Она смотрела на меня пару секунд. Затем захлопнула дверь. Их двери из массивного дерева на солидных железных петлях вполне бы мог позавидовать Норвежский банк.
Сад же, в противоположность двери, пребывал в довольно плачевном состоянии. Хотя трава в это время года и не росла, но кустарник, деревья и высокая живая изгородь буйно разрослись во все стороны. И совсем не потому, что обитателям дома нравились естественные формы, а потому, что им было совершенно наплевать. Какой бы интересной ни была жизнь Бернеров в обществе, я был убежден, что вечеринок и приемов у себя в саду они не устраивали.

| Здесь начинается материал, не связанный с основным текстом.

definition Gamma :: "(real \<Rightarrow> real) \<Rightarrow> real \<Rightarrow> real \<times> real \<Rightarrow> real \<times> real \<Rightarrow> real" where
  "Gamma c q P Q = Sup {integral {0..1} (\<lambda>s. gam (vector_derivative x (at s)) / c (fst (x s) - q)) | x.
       admissible_path P Q x}"

end

theory Submission imports Defs begin

(* Write g(t) = 1/c(t - q); since c is a step function bounded below by a
   positive constant, g is bounded and piecewise constant with finitely many jumps.
   Lower bound: the straight segment from (a,0) to (z,0) (resp. from (-b,b) to (-w,w))
   is admissible and its value is the integral of g over [a,z] (resp. of g(-.) over
   [b,w]); hence Gamma at the unperturbed endpoint is at least that integral.
   Upper bound: along any admissible path to the perturbed endpoint one coordinate p
   (x1+x2, resp. x2) runs monotonically over an interval of length about z-a (resp.
   w-b), while the other coordinate r (x2, resp. x1+x2) grows only from 0 to delta.
   The cone inequality (sqrt u + sqrt v)^2 <= (1+e) u + (1+1/e) v with e = sqrt delta
   splits the integrand into (1+e) p' f(p - r) plus an error of size M r'/e; the main
   part is compared with the integral of f by a change of variables, the lag r <= delta
   costing only O(delta) per jump of f. *)

definition pwconst :: "(real \<Rightarrow> real) \<Rightarrow> real set \<Rightarrow> bool" where
  "pwconst f S \<longleftrightarrow> finite S \<and> (\<forall>t. t \<notin> S \<longrightarrow> (\<forall>\<^sub>F t' in nhds t. f t' = f t))"

lemma pwconst_deriv:
  assumes "pwconst f S" "t \<notin> S"
  shows "(f has_real_derivative 0) (at t)"
proof -
  have "\<forall>\<^sub>F t' in nhds t. f t' = f t" using assms unfolding pwconst_def by auto
  moreover have "((\<lambda>_. f t) has_real_derivative 0) (at t)" by simp
  ultimately show ?thesis
    using DERIV_cong_ev[of t t "\<lambda>_. f t" f 0 0] by (simp add: eq_commute)
qed

lemma pwconst_isCont: "pwconst f S \<Longrightarrow> t \<notin> S \<Longrightarrow> isCont f t"
  using pwconst_deriv DERIV_isCont by blast

lemma pwconst_const_on:
  assumes "pwconst f S" "x \<le> y" "\<And>b. b \<in> S \<Longrightarrow> b < x \<or> b > y"
  shows "f x = f y"
proof (cases "x = y")
  case False
  then have "x < y" using assms by auto
  moreover have "continuous_on {x..y} f"
    using pwconst_isCont[OF assms(1)] assms(3) by (intro continuous_at_imp_continuous_on) force
  moreover have "(f has_real_derivative 0) (at u)" if "x < u" "u < y" for u
    using pwconst_deriv[OF assms(1)] assms(3) that by force
  ultimately show ?thesis using DERIV_isconst_end[of x y f] by auto
qed simp

lemma pwconst_comp:
  assumes "pwconst f S"
  shows "pwconst (\<lambda>t. h (f t)) S"
  unfolding pwconst_def
proof (intro conjI allI impI)
  fix t assume "t \<notin> S"
  then have "\<forall>\<^sub>F t' in nhds t. f t' = f t" using assms unfolding pwconst_def by auto
  then show "\<forall>\<^sub>F t' in nhds t. h (f t') = h (f t)" by (rule eventually_mono) simp
qed (use assms in \<open>simp add: pwconst_def\<close>)

lemma pwconst_add:
  assumes "pwconst f S" "pwconst g S'"
  shows "pwconst (\<lambda>t. f t + g t) (S \<union> S')"
  unfolding pwconst_def
proof (intro conjI allI impI)
  fix t assume "t \<notin> S \<union> S'"
  then have "\<forall>\<^sub>F t' in nhds t. f t' = f t \<and> g t' = g t"
    using assms unfolding pwconst_def by (auto intro: eventually_conj)
  then show "\<forall>\<^sub>F t' in nhds t. f t' + g t' = f t + g t" by (rule eventually_mono) simp
qed (use assms in \<open>simp add: pwconst_def\<close>)

lemma pwconst_sum:
  assumes "finite I" "\<And>i. i \<in> I \<Longrightarrow> pwconst (f i) (S i)"
  shows "pwconst (\<lambda>t. \<Sum>i\<in>I. f i t) (\<Union>i\<in>I. S i)"
  unfolding pwconst_def
proof (intro conjI allI impI)
  show "finite (\<Union>i\<in>I. S i)" using assms unfolding pwconst_def by auto
  fix t assume t: "t \<notin> (\<Union>i\<in>I. S i)"
  have "\<forall>\<^sub>F t' in nhds t. \<forall>i\<in>I. f i t' = f i t"
    using assms t unfolding pwconst_def by (intro eventually_ball_finite) auto
  then show "\<forall>\<^sub>F t' in nhds t. (\<Sum>i\<in>I. f i t') = (\<Sum>i\<in>I. f i t)"
    by (rule eventually_mono) (auto intro: sum.cong)
qed

lemma pwconst_indicator:
  assumes "finite E" "\<And>t. t \<notin> E \<Longrightarrow> t \<in> interior A \<or> t \<in> interior (- A)"
  shows "pwconst (indicator A :: real \<Rightarrow> real) E"
  unfolding pwconst_def
proof (intro conjI allI impI)
  fix t assume "t \<notin> E"
  then consider "t \<in> interior A" | "t \<in> interior (- A)" using assms(2) by blast
  then show "\<forall>\<^sub>F t' in nhds t. indicator A t' = (indicator A t :: real)"
  proof cases
    case 1
    have "\<forall>\<^sub>F t' in nhds t. t' \<in> interior (A)"
      by (rule eventually_nhds_in_open[OF open_interior 1])
    then show ?thesis
      by (rule eventually_mono) (use 1 interior_subset[of "A"] in \<open>auto simp: indicator_def\<close>)
  next
    case 2
    have "\<forall>\<^sub>F t' in nhds t. t' \<in> interior (- A)"
      by (rule eventually_nhds_in_open[OF open_interior 2])
    then show ?thesis
      by (rule eventually_mono) (use 2 interior_subset[of "- A"] in \<open>auto simp: indicator_def\<close>)
  qed
qed (use assms in simp)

С места, где я стоял, были видны горы Исдалена. Прямо рядом с главным городским резервуаром воды резко обрывалась горная круча. На севере пейзаж загораживала гряда Виддена. По небу плыло на восток смешное облако, похожее на растрепанного мужчину в белом плаще, несущегося за автобусом, на который ему уже никогда не поспеть.
Дверь открылась. Дама из 20-х годов раскрыла и закрыла рот, так и не произнеся ни одного слова, — совсем как в немом фильме. Затем отошла в сторону, чтобы я смог пройти в дом и торжественно провозгласила:
— Фру Беренер согласилась вас принять.
Она смотрела на меня со смесью восхищения и удивления и ясно давала понять, что мне удалось зажечь угасающую звезду. Я же только молил Бога, чтобы вся моя затея не закончилась последней вспышкой этой звезды.
В холле было темно. Сакральные закругления на окнах были сделаны и внутри, и в нишах горели электрические лампы, отбрасывая слабый отблеск на стены. Пушистый темно-красный ковер приглушал наши шаги. Пахло карбонадом и кислой капустой, как это всегда бывает в подобных домах, даже по понедельникам.
Меня провели в гостиную в глубине дома с видом на Ульрикен и плотину на Свартедикет. Эта комната тоже была выдержана в приглушенных тонах. Функциональная стильная мебель. Картины на стенах могли висеть там шестьдесят лет. Да и поднявшаяся мне навстречу с дивана женщина тоже вполне могла просидеть на нем такое же время.
— Фру Бернер? — спросил я, протягивая руку.
Она посмотрела на мою руку и подала свою, несколько помешкав и не имея, по всей видимости, особого желания, поскольку пожатие было очень слабым.
— Я решила вас принять, — с удивлением в голосе сказала она.
Ее голос был слаб, как спитой чай, но в нем слышалась особая поющая интонация, какая бывает у пожилых дам из хороших семей Бергена, и голову она склонила чуть набок, как будто и сама прислушивалась к музыке своего голоса.
Бледное лицо с прозрачной кожей, синеватыми губами и темными испуганными глазами. Простое черное платье с поясом. Маленькая и сухонькая, она не могла бы заставить и мышь убежать с дороги. Совершенно невероятно, что такая женщина была замужем за Иоахимом Бернером.
— Но, наверное, самое время начать принимать, — продолжила она.
— Да? — спросил я и повернулся посмотреть на экономку, но она уже пропала, бесшумно исчезла, растворилась в недрах дома.
— Меня зовут Сесилия Бернер, — сказала, она, тщательно произнося каждую букву.
— Варг Веум, — мягко ответил я, стараясь не шокировать ее своим именем.
— Вы пришли в связи с бедным Хенриком?
— Да.
— Вы его знали?
— Нет, я…
— Я не видела его… Полтора года почти. Отчего он умер?
— Разве ваш муж не сказал…
— Нет.
Тогда ему бы вряд ли понравилось, если это сделаю я. Поэтому я просто спросил:
— Мне хотелось поговорить с вами о Хенрике… Какой он был? В детстве, я имею в виду?
Она улыбнулась вымученной улыбкой.
— В детстве! В 50-е? О Боже, как давно это было!
— Не так уж и давно.
— Для меня давно. В другом мире.
Я откашлялся.
Она продолжала:
— Нисколько не удивлюсь, если это был несчастный случай.